Studies in which plain radiographs were compared with arthroscopy support the need for more sensitive grading, because the plain radiographs significantly underestimated the extent of degenerative changes, especially regarding cartilage abnormalities in osteoarthritic joints [11]
[12]. Even patients with no radiographic findings of OA had significant articular cartilage degeneration within the femorotibial joint in arthroscopy [13]. Femorotibial joint space narrowing reflects cartilage loss in knee OA [12]
[14]
[15]
[16] and is more sensitive and therefore more accurately assesses progression of OA than osteophyte formation [8]
[17]
[18]
[19]
[20]. Thus, it would make sense to have a closer look at joint space measurements and the OARSI for joint space narrowing to see if these could be better used as predictive factors for outcome after steroid injections. This is particularly relevant as the OARSI for joint space narrowing alone would be a very easy tool to use in daily practice.

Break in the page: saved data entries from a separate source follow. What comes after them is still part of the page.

lemma sym_mat_index:
  assumes "A \<in> carrier_mat n n" "transpose_mat A = A" "i < n" "j < n"
  shows "A $$ (i,j) = A $$ (j,i)"
  using assms by (metis carrier_matD index_transpose_mat(1))

(* Every complex square matrix of positive size has an eigenvector: its characteristic
   polynomial splits over the complex numbers. *)
lemma complex_eigenvector_exists:
  assumes A: "(A :: complex mat) \<in> carrier_mat n n" and n: "n > 0"
  shows "\<exists>v l. v \<in> carrier_vec n \<and> v \<noteq> 0\<^sub>v n \<and> A *\<^sub>v v = l \<cdot>\<^sub>v v"
proof -
  from char_poly_factorized[OF A] obtain as where
    cp: "char_poly A = (\<Prod>a\<leftarrow>as. [:- a, 1:])" and len: "length as = n" by auto
  from len n obtain l rest where as: "as = l # rest" by (cases as, auto)
  have "poly (char_poly A) l = 0" unfolding cp as by simp
  hence "eigenvalue A l" using eigenvalue_root_char_poly[OF A] by simp
  then obtain v where "eigenvector A v l" unfolding eigenvalue_def by auto
  thus ?thesis unfolding eigenvector_def using A by auto
qed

Therefore, the objectives of this study are: 1) To compare outcome after intra-articular corticosteroid injections into the knee with the KL 5 and 3 grading systems for knee osteoarthritis, the OARSI grading system for joint space narrowing and actual joint space measurements; 2) to compare the reliability of these different grading systems by assessing the inter-rater reliability.
Materials and methods
Patients
This is a retrospective evaluation of knee radiographs from patients in a prospective outcomes cohort study. Data of 117 consecutive patients who received an imaging-guided therapeutic (corticosteroid plus anesthetic) intra-articular knee injection in the period of 4/14/2009 to 2/10/2014 at the radiology department of this specialized orthopedic university hospital, with weight-bearing anterior-posterior (AP) and recumbent lateral radiographs taken within 6 months of the injections and who returned an outcomes questionnaire by mail were included in this study. Hospital and cantonal ethics approval (EK-12/2009) was obtained prior to the start of this study and all patients gave their informed consent. After the injection, the patients were given an outcomes questionnaire and were asked to complete it at one day, one week, and one month after the injection. The follow-up outcomes questionnaire was given to the patients by the radiological technologist with a stamped and addressed envelope with instructions to return the completed questionnaire one month after the injection.
Knee injection procedure
The injections were all performed by radiologists from a specialized orthopedic university hospital. Under sterile conditions (3 × disinfection, sterile gloves, mask, cover) and with fluoroscopic control, the involved knee was punctured with a 22-gauge needle. Arthrography was performed with 2 ml lopamiro 300 (lopamidol). Infiltration of 1 ml Triamcort (Triamcinolone 40 mg/ml) and 5 ml Rapidocaine 2 % (Lidocaine 20 mg/ml) was then performed. Intra-articular distribution of the injected contrast material and, therefore, correct needle placement were documented with a radiograph ([Fig. 1]).
Fig. 1 Knee radiograph showing correct needle position and contrast distribution.
Abb. 1 Knieröntgenbild mit Kontrastmittelverteilung indiziert korrekte Nadelpositionnierung.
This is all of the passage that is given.